DATASET RECORDS:

definition target :: "real set \<Rightarrow> nat \<Rightarrow> nat \<Rightarrow> (nat set list \<times> (nat \<Rightarrow> real) set list) set" where
  "target A n \<omega> = {(Ds, Rs). ordered_partition n \<omega> Ds \<and> length Rs = \<omega> \<and>
      (\<forall>j<\<omega>. Rs!j \<in> regions_level A (Ds!j) 1)}"

end

theory Submission
  imports Defs
begin

text \<open>
  A region of the arrangement is the set of points of the complement with a fixed pattern of
  signs of \<open>x\<^sub>i - x\<^sub>j - a\<close>: such a set is path connected, and a connected subset of the
  complement cannot change a sign.  On a region \<open>\<Omega>\<close> the graph \<open>G\<^sub>1\<close> is determined by any
  point \<open>x\<close>: coordinates in one component stay within bounded distance of each other on all of
  \<open>\<Omega>\<close>, while distinct components are more than \<open>a\<^sub>1\<close> apart and hence linearly ordered.  Lifting
  the components upwards, each by at least as much as the ones below it, never leaves \<open>\<Omega>\<close>, so
  \<open>\<Omega>\<close> stays near the space of vectors constant on components and contains a translated cone
  spanning it; hence the level of \<open>\<Omega>\<close> is the number of components.  Restricting to a component
  gives a region of level 1, and conversely regions of the blocks of an ordered partition can be
  stacked far apart to rebuild the region, which makes \<open>\<phi>\<close> a bijection.
\<close>

section \<open>Regions as sign cells\<close>

definition cell :: "real set \<Rightarrow> nat set \<Rightarrow> (nat \<Rightarrow> real) \<Rightarrow> (nat \<Rightarrow> real) set" where
  "cell A S x = {y \<in> cmpl A S. \<forall>i\<in>S. \<forall>j\<in>S. \<forall>a\<in>A. i \<noteq> j \<longrightarrow> (y i - y j < a \<longleftrightarrow> x i - x j < a)}"

lemma cmpl_neq: "x \<in> cmpl A S \<Longrightarrow> i \<in> S \<Longrightarrow> j \<in> S \<Longrightarrow> i \<noteq> j \<Longrightarrow> a \<in> A \<Longrightarrow> x i - x j \<noteq> a"
  unfolding cmpl_def by auto

lemma cell_self: "x \<in> cmpl A S \<Longrightarrow> x \<in> cell A S x"
  unfolding cell_def by auto

lemma cell_eq: "y \<in> cell A S x \<Longrightarrow> cell A S y = cell A S x"
  unfolding cell_def by auto

lemma cell_gt_iff:
  assumes y: "y \<in> cell A S x" and x: "x \<in> cmpl A S"
    and "i \<in> S" "j \<in> S" "i \<noteq> j" "a \<in> A"
  shows "a < y i - y j \<longleftrightarrow> a < x i - x j"
proof -
  have "y i - y j < a \<longleftrightarrow> x i - x j < a" using assms unfolding cell_def by auto
  moreover have "y i - y j \<noteq> a" "x i - x j \<noteq> a"
    using assms cmpl_neq unfolding cell_def by blast+
  ultimately show ?thesis by linarith
qed

lemma convex_combination_same_side:
  fixes p q a t :: real
  assumes t: "0 \<le> t" "t \<le> 1" and side: "p < a \<longleftrightarrow> q < a" and "p \<noteq> a" "q \<noteq> a"
  shows "(1 - t) * p + t * q < a \<longleftrightarrow> p < a" and "(1 - t) * p + t * q \<noteq> a"
proof -
  have "(1 - t) * p + t * q < a" if "p < a" "q < a"
    using convex_bound_lt[OF that] t by simp
  moreover have "a < (1 - t) * p + t * q" if "a < p" "a < q"
    using convex_bound_lt[of "- p" "- a" "- q" "1 - t" t] that t by simp
  ultimately show "(1 - t) * p + t * q < a \<longleftrightarrow> p < a" "(1 - t) * p + t * q \<noteq> a"
    using side assms(4,5) by (metis linorder_neqE_linordered_idom order_less_irrefl order_less_trans)+
qed

lemma path_connected_cell: "path_connected (cell A S x)"
  unfolding path_connected_def
proof (intro ballI)
  fix y z assume y: "y \<in> cell A S x" and z: "z \<in> cell A S x"
  define g where "g = (\<lambda>t::real. \<lambda>i. (1 - t) * y i + t * z i)"
  have "path g"
    unfolding path_def g_def by (intro continuous_on_coordinatewise_then_product continuous_intros)
  moreover have "g t \<in> cell A S x" if t: "0 \<le> t" "t \<le> 1" for t
  proof -
    have yz: "y \<in> cmpl A S" "z \<in> cmpl A S" using y z unfolding cell_def by auto
    have diff: "g t i - g t j = (1 - t) * (y i - y j) + t * (z i - z j)" for i j
      unfolding g_def by (simp add: algebra_simps)
    have "(g t i - g t j < a \<longleftrightarrow> x i - x j < a) \<and> g t i - g t j \<noteq> a"
      if "i \<in> S" "j \<in> S" "a \<in> A" "i \<noteq> j" for i j a
    proof -
      have "y i - y j \<noteq> a" "z i - z j \<noteq> a"
        using cmpl_neq[OF yz(1) that(1,2,4,3)] cmpl_neq[OF yz(2) that(1,2,4,3)] by auto
      moreover have "y i - y j < a \<longleftrightarrow> x i - x j < a" "z i - z j < a \<longleftrightarrow> x i - x j < a"
        using y z that unfolding cell_def by auto
      ultimately show ?thesis
        using convex_combination_same_side[OF t, of "y i - y j" a "z i - z j"] unfolding diff by simp
    qed
    moreover have "g t \<in> carrierS S"
      using y z unfolding g_def cell_def cmpl_def carrierS_def by auto
    ultimately show ?thesis
      unfolding cell_def cmpl_def by auto
  qed
  moreover have "pathstart g = y" "pathfinish g = z"
    unfolding pathstart_def pathfinish_def g_def by auto
  ultimately show "\<exists>g. path g \<and> path_image g \<subseteq> cell A S x \<and> pathstart g = y \<and> pathfinish g = z"
    unfolding path_image_def by fastforce
qed
lemma chi_minus_mult_minimal:
  assumes k: "0 < k" and h: "0 \<le> h"
  shows "chi k (max 0 c powr k) - c * max 0 c powr k \<le> chi k h - c * h"
proof (cases "c \<le> 0")
  case True
  have "c * h \<le> 0"
    using True h by (rule mult_nonpos_nonneg)
  moreover have "0 \<le> chi k h"
    using k by (simp add: chi_nonneg)
  moreover have "chi k (max 0 c powr k) = 0"
    using True by (simp add: chi_def)
  ultimately show ?thesis
    using True by simp
next
  case False
  then have c: "0 < c" by simp
  have "chi k (c powr k) = k / (k + 1) * c powr (k + 1)"
    using k by (simp add: chi_def powr_powr distrib_left)
  moreover have "c * c powr k = c powr (k + 1)"
    using c by (simp add: powr_add)
  ultimately have lhs: "chi k (c powr k) - c * c powr k = - (c powr (k + 1) / (k + 1))"
    using k by (simp add: field_simps)
  have "h * c \<le> h powr (1 + 1/k) / (1 + 1/k) + c powr (k + 1) / (k + 1)"
    by (rule Youngs_inequality) (use k h c in \<open>auto simp: field_simps\<close>)
  moreover have "h powr (1 + 1/k) / (1 + 1/k) = chi k h"
    unfolding chi_def using k by (simp add: field_simps)
  ultimately show ?thesis
    using lhs c by (simp add: mult.commute)
qed

definition profile :: "real \<Rightarrow> real \<Rightarrow> 'a::real_normed_vector \<Rightarrow> real" where
  "profile k \<mu> v = (max 0 (1 - \<mu> * energy v)) powr k"

definition profile_density :: "real \<Rightarrow> real \<Rightarrow> real" where
  "profile_density k \<mu> = (LINT v|lborel. energy (v::real^3) * profile k \<mu> v)"

lemma profile_nonneg: "0 \<le> profile k \<mu> v"
  by (simp add: profile_def)

lemma profile_le_1:
  assumes "0 \<le> k" "0 \<le> \<mu>"
  shows "profile k \<mu> v \<le> 1"
  unfolding profile_def using assms energy_ge_1[of v]
  by (intro powr_le1) (auto simp: max_def)

lemma energy_profile_nonneg: "0 \<le> energy v * profile k \<mu> v"
  using energy_ge_1[of v] profile_nonneg[of k \<mu> v] by simp

lemma profile_eq_0: "1 \<le> \<mu> * energy v \<Longrightarrow> profile k \<mu> v = 0"
  by (simp add: profile_def)

lemma borel_measurable_profile [measurable]:
  "profile k \<mu> \<in> borel_measurable (borel :: 'a::euclidean_space measure)"
  unfolding profile_def by measurable

lemma energy_profile_le_indicator:
  assumes "0 \<le> k" "0 < m" "m \<le> \<mu>"
  shows "energy v * profile k \<mu> v \<le> indicator (cball 0 (1/m)) v / m"
proof (cases "1 \<le> \<mu> * energy v")
  case True
  then show ?thesis using assms by (simp add: profile_eq_0)
next
  case False
  have "m * energy v \<le> \<mu> * energy v"
    using assms energy_ge_1[of v] by (intro mult_right_mono) auto
  with False assms have small: "energy v < 1/m"
    by (simp add: field_simps)
  then have "v \<in> cball 0 (1/m)"
    using norm_le_energy[of v] by simp
  moreover have "energy v * profile k \<mu> v \<le> energy v"
    using profile_le_1[of k \<mu> v] energy_ge_1[of v] assms by simp
  ultimately show ?thesis
    using small by simp
qed

lemma integrable_indicator_cball:
  "integrable lborel (\<lambda>v::'a::euclidean_space. indicator (cball 0 r) v / m :: real)"
  using emeasure_lborel_cball_finite[of "0::'a" r]
  by (intro integrable_divide integrable_real_indicator) simp_all

lemma integrable_energy_profile:
  assumes "0 \<le> k" "0 < m" "m \<le> \<mu>"
  shows "integrable lborel (\<lambda>v::'a::euclidean_space. energy v * profile k \<mu> v)"
proof (rule Bochner_Integration.integrable_bound[OF integrable_indicator_cball])
  show "AE v in lborel. norm (energy v * profile k \<mu> v) \<le> norm (indicator (cball 0 (1/m)) v / m)"
    using energy_profile_le_indicator[OF assms] energy_profile_nonneg assms(2)
    by (intro AE_I2) (simp add: abs_of_nonneg[OF energy_profile_nonneg])
qed simp

lemma continuous_on_profile_density:
  assumes k: "0 < k" and m: "0 < m"
  shows "continuous_on {m..} (profile_density k)"
  unfolding continuous_on_sequentially
proof (intro allI ballI impI, elim conjE)
  fix \<mu> :: "nat \<Rightarrow> real" and \<mu>' :: real
  assume mem: "\<forall>n. \<mu> n \<in> {m..}" and lim: "\<mu> \<longlonglongrightarrow> \<mu>'"
  show "(profile_density k \<circ> \<mu>) \<longlonglongrightarrow> profile_density k \<mu>'"
    unfolding comp_def profile_density_def
  proof (rule integral_dominated_convergence[OF _ _ integrable_indicator_cball])
    show "AE v in lborel. (\<lambda>n. energy (v::real^3) * profile k (\<mu> n) v) \<longlonglongrightarrow> energy v * profile k \<mu>' v"
    proof (rule AE_I2)
      fix v :: "real^3"
      have "(\<lambda>n. profile k (\<mu> n) v) \<longlonglongrightarrow> profile k \<mu>' v"
        unfolding profile_def by (rule tendsto_powr') (use k in \<open>auto intro!: tendsto_intros lim\<close>)
      then show "(\<lambda>n. energy v * profile k (\<mu> n) v) \<longlonglongrightarrow> energy v * profile k \<mu>' v"
        by (rule tendsto_mult_left)
    qed
    show "AE v in lborel. norm (energy (v::real^3) * profile k (\<mu> n) v) \<le> indicator (cball 0 (1/m)) v / m"
      for n
      using energy_profile_le_indicator[OF _ m, of k "\<mu> n"] mem k energy_profile_nonneg
      by (intro AE_I2) (simp add: abs_of_nonneg[OF energy_profile_nonneg])
  qed simp_all
qed

lemma profile_density_1: "profile_density k 1 = 0"
proof -
  have "profile k 1 v = 0" for v :: "real^3"
    using energy_ge_1[of v] by (simp add: profile_eq_0)
  then show ?thesis by (simp add: profile_density_def)
qed

lemma exp_le_powr_one_minus:
  fixes k a :: real
  assumes "0 \<le> k" "0 \<le> a" "a \<le> 1/2"
  shows "exp (- 2 * a * k) \<le> (1 - a) powr k"
proof -
  have "a * (2 * a) \<le> a * 1"
    using assms by (intro mult_left_mono) auto
  then have "- 2 * a \<le> ln (1 - a)"
    using ln_one_minus_pos_lower_bound[of a] assms by (simp add: power2_eq_square)
  then have "k * (- 2 * a) \<le> k * ln (1 - a)"
    using assms(1) by (rule mult_left_mono)
  then show ?thesis
    using assms by (simp add: powr_def mult_ac)
qed

text \<open>Small enough for the profile density to reach 1, so that every density \<rho>_f(x) \<le> 1 is
  attained; large enough for all profiles to vanish once |v| \<ge> 8(k+1), a bound below P_0.\<close>

definition mu_min :: "real \<Rightarrow> real" where
  "mu_min k = 1 / (8 * (k + 1))"

lemma mu_min_pos: "0 < k \<Longrightarrow> 0 < mu_min k"
  by (simp add: mu_min_def)

lemma mu_min_le_1: "0 < k \<Longrightarrow> mu_min k \<le> 1"
  by (simp add: mu_min_def)

lemma norm_le_3_cube: "(v::real^3) \<in> cbox (vec (-1)) (vec 1) \<Longrightarrow> norm v \<le> 3"
proof -
  assume "v \<in> cbox (vec (-1)) (vec 1)"
  then have "\<bar>v $ i\<bar> \<le> 1" for i
    by (simp add: mem_box_cart abs_le_iff)
  then have "(\<Sum>i\<in>UNIV. \<bar>v $ i\<bar>) \<le> (\<Sum>i\<in>(UNIV::3 set). 1)"
    by (intro sum_mono)
  then show ?thesis
    using norm_le_l1_cart[of v] by simp
qed

lemma exp_neg_1_le_profile_mu_min:
  assumes k: "0 < k" and v: "norm v \<le> 3"
  shows "exp (-1) \<le> profile k (mu_min k) v"
proof -
  define a where "a = mu_min k * energy v"
  have "1 + (norm v)\<^sup>2 \<le> 4\<^sup>2"
    using power_mono[OF v norm_ge_zero, of 2] by simp
  then have "energy v \<le> sqrt (4\<^sup>2)"
    unfolding energy_def by (rule real_sqrt_le_mono)
  then have "a \<le> mu_min k * 4"
    unfolding a_def using mu_min_pos[OF k] by (intro mult_left_mono) auto
  also have "\<dots> = 1 / (2 * (k + 1))"
    using k by (simp add: mu_min_def field_simps)
  finally have a: "a \<le> 1 / (2 * (k + 1))" .
  have a0: "0 \<le> a"
    unfolding a_def using mu_min_pos[OF k] energy_ge_1[of v] by simp
  have "1 / (2 * (k + 1)) \<le> 1/2"
    using k by (simp add: field_simps)
  then have a_half: "a \<le> 1/2"
    using a by linarith
  then have "profile k (mu_min k) v = (1 - a) powr k"
    by (simp add: profile_def a_def)
  then have "exp (- 2 * a * k) \<le> profile k (mu_min k) v"
    using exp_le_powr_one_minus[of k a] k a0 a_half by simp
  moreover have "2 * a * k \<le> 2 * (1 / (2 * (k + 1))) * k"
    using a k by (intro mult_right_mono) auto
  moreover have "2 * (1 / (2 * (k + 1))) * k \<le> 1"
    using k by (simp add: field_simps)
  ultimately show ?thesis
    by (simp add: order_trans[where y = "exp (- 2 * a * k)"])
qed

lemma one_le_profile_density_mu_min:
  assumes k: "0 < k"
  shows "1 \<le> profile_density k (mu_min k)"
proof -
  let ?C = "cbox (vec (-1)) (vec 1) :: (real^3) set"
  have "(0::real^3) \<in> ?C"
    by (simp add: mem_box_cart)
  then have "measure lborel ?C = 8"
    by (subst content_cbox_cart) auto
  then have "exp (-1) * (8::real) = (LINT v|lborel. exp (-1) * indicator ?C v :: real)"
    by simp
  also have "\<dots> \<le> profile_density k (mu_min k)"
    unfolding profile_density_def
  proof (rule integral_mono)
    show "integrable lborel (\<lambda>v. exp (-1) * indicator ?C v :: real)"
      by (intro integrable_mult_right integrable_real_indicator emeasure_lborel_cbox_finite) simp
    show "integrable lborel (\<lambda>v. energy v * profile k (mu_min k) v)"
      using k by (intro integrable_energy_profile[OF _ mu_min_pos[OF k] order_refl]) simp_all
    show "(exp (-1) * indicator ?C v :: real) \<le> energy v * profile k (mu_min k) v" for v :: "real^3"
    proof (cases "v \<in> ?C")
      case True
      then have "exp (-1) \<le> profile k (mu_min k) v"
        by (intro exp_neg_1_le_profile_mu_min[OF k norm_le_3_cube])
      also have "\<dots> \<le> energy v * profile k (mu_min k) v"
        using energy_ge_1[of v] profile_nonneg[of k "mu_min k" v] by (simp add: mult_le_cancel_right1)
      finally show ?thesis
        using True by simp
    qed (simp add: energy_profile_nonneg)
  qed
  moreover have "1 \<le> exp (-1) * (8::real)"
    using exp_le by (simp add: exp_minus field_simps)
  ultimately show ?thesis by linarith
qed

text \<open>The cut-off max 0 y keeps the set nonempty for every y (it contains 1), which makes
  profile_param k antitone on all of \<real> and therefore Borel measurable.\<close>

definition profile_param :: "real \<Rightarrow> real \<Rightarrow> real" where
  "profile_param k y = Inf {\<mu> \<in> {mu_min k..1}. profile_density k \<mu> \<le> max 0 y}"

lemma profile_param_set:
  fixes y :: real
  assumes "0 < k"
  defines "S \<equiv> {\<mu> \<in> {mu_min k..1}. profile_density k \<mu> \<le> max 0 y}"
  shows "S \<noteq> {}" "bdd_below S" "closed S"
proof -
  show "S \<noteq> {}"
    using mu_min_le_1[OF assms(1)] profile_density_1[of k] unfolding S_def by force
  show "bdd_below S"
    unfolding S_def by (rule bdd_belowI[of _ "mu_min k"]) auto
  have "continuous_on {mu_min k..1} (profile_density k)"
    by (rule continuous_on_subset[OF continuous_on_profile_density[OF assms(1) mu_min_pos[OF assms(1)]]]) auto
  then show "closed S"
    unfolding S_def using continuous_closed_preimage[of "{mu_min k..1}" "profile_density k" "{..max 0 y}"]
    by (simp add: vimage_def Int_def conj_commute)
qed

lemma profile_param_mem:
  assumes "0 < k"
  shows "profile_param k y \<in> {mu_min k..1}" "profile_density k (profile_param k y) \<le> max 0 y"
  using closed_contains_Inf[OF profile_param_set[OF assms]] unfolding profile_param_def by simp_all

lemma profile_density_profile_param:
  assumes k: "0 < k" and y: "0 \<le> y" "y \<le> 1"
  shows "profile_density k (profile_param k y) = y"
proof -
  note mem = profile_param_mem[OF k, of y]
  have "\<exists>\<mu>\<ge>mu_min k. \<mu> \<le> profile_param k y \<and> profile_density k \<mu> = y"
  proof (rule IVT2')
    show "profile_density k (profile_param k y) \<le> y"
      using mem y by simp
    show "y \<le> profile_density k (mu_min k)"
      using one_le_profile_density_mu_min[OF k] y by simp
    show "continuous_on {mu_min k..profile_param k y} (profile_density k)"
      by (rule continuous_on_subset[OF continuous_on_profile_density[OF k mu_min_pos[OF k]]]) auto
  qed (use mem in simp)
  then obtain \<mu> where \<mu>: "mu_min k \<le> \<mu>" "\<mu> \<le> profile_param k y" "profile_density k \<mu> = y"
    by blast
  have "profile_param k y \<le> \<mu>"
    unfolding profile_param_def using \<mu> mem profile_param_set[OF k, of y]
    by (intro cInf_lower) auto
  with \<mu> show ?thesis by simp
qed

lemma antimono_profile_param:
  assumes "0 < k"
  shows "antimono (profile_param k)"
proof (rule antimonoI)
  fix y y' :: real
  assume "y \<le> y'"
  then show "profile_param k y' \<le> profile_param k y"
    unfolding profile_param_def using profile_param_set[OF assms]
    by (intro cInf_superset_mono) auto
qed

INSTRUCTIONS TO FOLLOW: Where does the word "target" occur in the data? Copy every line that has it.

SOLUTION TO THE EXERCISE:
definition target :: "real set \<Rightarrow> nat \<Rightarrow> nat \<Rightarrow> (nat set list \<times> (nat \<Rightarrow> real) set list) set" where
  "target A n \<omega> = {(Ds, Rs). ordered_partition n \<omega> Ds \<and> length Rs = \<omega> \<and>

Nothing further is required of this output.